GOAL OF THE EXERCISE
Which of the lines in the data below contain the string "lifting"? Copy each of them.

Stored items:
####

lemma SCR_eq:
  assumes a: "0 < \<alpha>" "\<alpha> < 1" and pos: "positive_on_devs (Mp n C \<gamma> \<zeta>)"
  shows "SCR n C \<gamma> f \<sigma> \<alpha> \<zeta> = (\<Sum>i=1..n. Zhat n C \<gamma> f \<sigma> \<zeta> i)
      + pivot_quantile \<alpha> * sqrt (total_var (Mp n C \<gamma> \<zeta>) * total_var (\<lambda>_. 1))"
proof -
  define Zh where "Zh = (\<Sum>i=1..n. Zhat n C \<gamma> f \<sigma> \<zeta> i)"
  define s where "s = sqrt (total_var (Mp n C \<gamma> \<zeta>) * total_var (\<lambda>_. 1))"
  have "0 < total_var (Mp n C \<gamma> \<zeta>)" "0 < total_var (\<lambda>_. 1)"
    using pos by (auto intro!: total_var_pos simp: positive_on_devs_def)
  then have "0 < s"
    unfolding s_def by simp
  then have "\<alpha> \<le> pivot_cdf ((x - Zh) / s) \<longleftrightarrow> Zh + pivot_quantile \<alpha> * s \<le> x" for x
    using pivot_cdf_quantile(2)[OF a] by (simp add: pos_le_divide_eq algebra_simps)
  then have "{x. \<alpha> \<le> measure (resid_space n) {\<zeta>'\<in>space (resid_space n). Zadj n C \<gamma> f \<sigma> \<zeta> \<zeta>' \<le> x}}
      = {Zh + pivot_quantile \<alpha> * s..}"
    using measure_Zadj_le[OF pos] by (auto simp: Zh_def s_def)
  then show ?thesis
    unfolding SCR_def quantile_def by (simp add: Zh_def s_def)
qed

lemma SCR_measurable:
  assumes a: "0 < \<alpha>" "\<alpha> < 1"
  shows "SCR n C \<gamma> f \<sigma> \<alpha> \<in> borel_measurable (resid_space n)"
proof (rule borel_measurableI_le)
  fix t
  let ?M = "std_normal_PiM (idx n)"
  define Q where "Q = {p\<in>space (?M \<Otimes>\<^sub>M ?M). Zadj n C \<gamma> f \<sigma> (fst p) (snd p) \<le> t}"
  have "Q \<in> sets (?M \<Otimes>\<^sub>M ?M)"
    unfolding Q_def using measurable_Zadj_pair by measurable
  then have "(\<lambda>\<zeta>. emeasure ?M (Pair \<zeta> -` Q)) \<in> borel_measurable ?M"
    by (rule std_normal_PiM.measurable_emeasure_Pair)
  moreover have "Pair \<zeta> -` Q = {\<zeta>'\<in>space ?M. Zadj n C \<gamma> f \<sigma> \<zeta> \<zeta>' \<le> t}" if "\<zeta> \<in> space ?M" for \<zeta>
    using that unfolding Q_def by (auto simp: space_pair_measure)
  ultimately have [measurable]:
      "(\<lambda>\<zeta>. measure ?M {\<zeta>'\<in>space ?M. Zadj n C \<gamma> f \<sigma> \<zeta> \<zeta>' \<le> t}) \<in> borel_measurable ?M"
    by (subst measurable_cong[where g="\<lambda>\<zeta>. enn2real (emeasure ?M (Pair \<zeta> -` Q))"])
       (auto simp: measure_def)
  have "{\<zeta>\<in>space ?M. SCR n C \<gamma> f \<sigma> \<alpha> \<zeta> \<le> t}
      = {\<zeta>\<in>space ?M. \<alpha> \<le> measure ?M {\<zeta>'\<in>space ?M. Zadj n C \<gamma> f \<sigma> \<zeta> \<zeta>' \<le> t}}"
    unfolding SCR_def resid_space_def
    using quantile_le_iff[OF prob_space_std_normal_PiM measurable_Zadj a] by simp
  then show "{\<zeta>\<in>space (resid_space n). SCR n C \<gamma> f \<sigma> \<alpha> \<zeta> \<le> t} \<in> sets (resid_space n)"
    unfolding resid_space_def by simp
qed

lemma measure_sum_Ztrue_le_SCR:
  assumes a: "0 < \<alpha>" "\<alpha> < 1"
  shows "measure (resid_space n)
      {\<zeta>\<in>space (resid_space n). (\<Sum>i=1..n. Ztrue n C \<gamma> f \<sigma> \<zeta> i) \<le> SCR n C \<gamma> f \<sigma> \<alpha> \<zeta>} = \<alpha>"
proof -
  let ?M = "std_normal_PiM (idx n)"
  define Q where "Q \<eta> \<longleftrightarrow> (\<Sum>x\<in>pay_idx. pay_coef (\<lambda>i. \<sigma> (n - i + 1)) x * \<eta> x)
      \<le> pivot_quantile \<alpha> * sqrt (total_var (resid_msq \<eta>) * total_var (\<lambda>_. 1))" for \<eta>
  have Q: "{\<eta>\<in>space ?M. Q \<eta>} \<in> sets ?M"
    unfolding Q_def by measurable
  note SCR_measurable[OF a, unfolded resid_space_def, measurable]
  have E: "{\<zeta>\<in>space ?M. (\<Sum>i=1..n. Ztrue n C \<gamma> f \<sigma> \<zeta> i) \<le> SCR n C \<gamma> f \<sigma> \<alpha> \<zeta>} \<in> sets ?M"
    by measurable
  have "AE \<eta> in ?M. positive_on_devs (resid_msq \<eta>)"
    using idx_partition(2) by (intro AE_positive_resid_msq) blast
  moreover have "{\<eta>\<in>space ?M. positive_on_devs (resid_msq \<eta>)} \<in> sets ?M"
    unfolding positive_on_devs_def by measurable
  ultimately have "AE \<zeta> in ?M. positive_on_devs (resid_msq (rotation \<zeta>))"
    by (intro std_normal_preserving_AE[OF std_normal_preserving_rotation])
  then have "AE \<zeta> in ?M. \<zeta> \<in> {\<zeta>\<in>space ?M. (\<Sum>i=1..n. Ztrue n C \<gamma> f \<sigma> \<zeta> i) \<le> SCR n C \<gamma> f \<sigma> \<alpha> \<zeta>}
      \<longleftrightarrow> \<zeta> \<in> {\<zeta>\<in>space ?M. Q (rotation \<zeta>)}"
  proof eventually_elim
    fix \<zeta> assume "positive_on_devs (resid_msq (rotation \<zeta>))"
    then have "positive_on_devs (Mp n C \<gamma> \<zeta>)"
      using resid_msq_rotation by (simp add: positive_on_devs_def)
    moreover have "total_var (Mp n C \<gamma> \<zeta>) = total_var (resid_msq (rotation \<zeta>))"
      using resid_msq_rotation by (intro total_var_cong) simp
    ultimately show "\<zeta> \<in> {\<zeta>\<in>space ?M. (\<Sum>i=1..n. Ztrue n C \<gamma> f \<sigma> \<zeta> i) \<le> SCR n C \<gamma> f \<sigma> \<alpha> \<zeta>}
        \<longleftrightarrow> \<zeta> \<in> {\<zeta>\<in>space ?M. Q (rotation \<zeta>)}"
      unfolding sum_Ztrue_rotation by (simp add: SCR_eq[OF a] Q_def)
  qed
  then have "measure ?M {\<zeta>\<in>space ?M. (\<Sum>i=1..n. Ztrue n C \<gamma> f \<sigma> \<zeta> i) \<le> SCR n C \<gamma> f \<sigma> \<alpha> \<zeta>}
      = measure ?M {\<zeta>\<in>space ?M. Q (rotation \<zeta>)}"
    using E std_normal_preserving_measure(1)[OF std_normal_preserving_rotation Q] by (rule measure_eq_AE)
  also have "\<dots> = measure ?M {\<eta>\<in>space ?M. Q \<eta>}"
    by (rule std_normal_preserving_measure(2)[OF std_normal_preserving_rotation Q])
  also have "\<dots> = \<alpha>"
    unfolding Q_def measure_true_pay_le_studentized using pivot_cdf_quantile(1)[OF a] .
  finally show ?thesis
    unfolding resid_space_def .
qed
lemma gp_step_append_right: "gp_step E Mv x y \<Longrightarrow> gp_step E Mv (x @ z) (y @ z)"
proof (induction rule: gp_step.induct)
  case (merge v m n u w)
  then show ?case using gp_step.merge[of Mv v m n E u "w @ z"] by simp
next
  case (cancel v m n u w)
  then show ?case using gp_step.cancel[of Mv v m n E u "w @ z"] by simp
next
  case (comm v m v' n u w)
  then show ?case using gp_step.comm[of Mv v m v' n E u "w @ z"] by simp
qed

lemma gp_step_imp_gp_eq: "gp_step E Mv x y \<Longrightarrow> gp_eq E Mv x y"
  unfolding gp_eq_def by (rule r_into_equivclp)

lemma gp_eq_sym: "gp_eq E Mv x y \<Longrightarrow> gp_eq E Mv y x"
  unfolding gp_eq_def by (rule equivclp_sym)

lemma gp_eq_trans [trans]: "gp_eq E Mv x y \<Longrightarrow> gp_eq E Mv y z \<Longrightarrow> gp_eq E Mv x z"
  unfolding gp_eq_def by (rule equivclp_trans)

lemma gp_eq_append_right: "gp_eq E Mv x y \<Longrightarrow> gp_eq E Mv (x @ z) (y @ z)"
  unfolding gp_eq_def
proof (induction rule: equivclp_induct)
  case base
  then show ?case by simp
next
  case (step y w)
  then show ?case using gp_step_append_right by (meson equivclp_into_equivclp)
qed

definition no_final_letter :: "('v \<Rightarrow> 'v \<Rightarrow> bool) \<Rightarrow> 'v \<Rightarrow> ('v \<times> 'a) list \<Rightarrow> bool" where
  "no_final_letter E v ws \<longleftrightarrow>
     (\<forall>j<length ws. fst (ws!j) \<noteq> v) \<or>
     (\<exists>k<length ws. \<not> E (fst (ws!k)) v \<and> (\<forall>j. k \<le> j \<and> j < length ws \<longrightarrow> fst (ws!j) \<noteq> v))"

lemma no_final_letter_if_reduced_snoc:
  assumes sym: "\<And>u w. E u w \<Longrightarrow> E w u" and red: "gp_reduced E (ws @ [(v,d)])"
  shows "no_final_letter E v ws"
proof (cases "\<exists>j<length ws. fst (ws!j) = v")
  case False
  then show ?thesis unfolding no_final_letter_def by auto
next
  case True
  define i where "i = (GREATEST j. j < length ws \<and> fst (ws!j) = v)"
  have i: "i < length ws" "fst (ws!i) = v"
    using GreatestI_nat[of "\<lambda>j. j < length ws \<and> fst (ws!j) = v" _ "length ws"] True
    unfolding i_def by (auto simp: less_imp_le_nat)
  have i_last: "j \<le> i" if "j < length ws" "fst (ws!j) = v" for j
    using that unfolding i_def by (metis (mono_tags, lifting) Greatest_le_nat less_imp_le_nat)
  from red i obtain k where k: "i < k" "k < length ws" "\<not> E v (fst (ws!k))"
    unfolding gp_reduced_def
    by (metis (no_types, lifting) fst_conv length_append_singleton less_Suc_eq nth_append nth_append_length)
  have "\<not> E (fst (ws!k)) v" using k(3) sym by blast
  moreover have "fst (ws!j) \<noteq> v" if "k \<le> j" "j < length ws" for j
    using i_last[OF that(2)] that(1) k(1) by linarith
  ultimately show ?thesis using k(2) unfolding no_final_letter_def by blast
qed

####

OUTPUT FOR THIS EXERCISE
    using that unfolding i_def by (metis (mono_tags, lifting) Greatest_le_nat less_imp_le_nat)
    by (metis (no_types, lifting) fst_conv length_append_singleton less_Suc_eq nth_append nth_append_length)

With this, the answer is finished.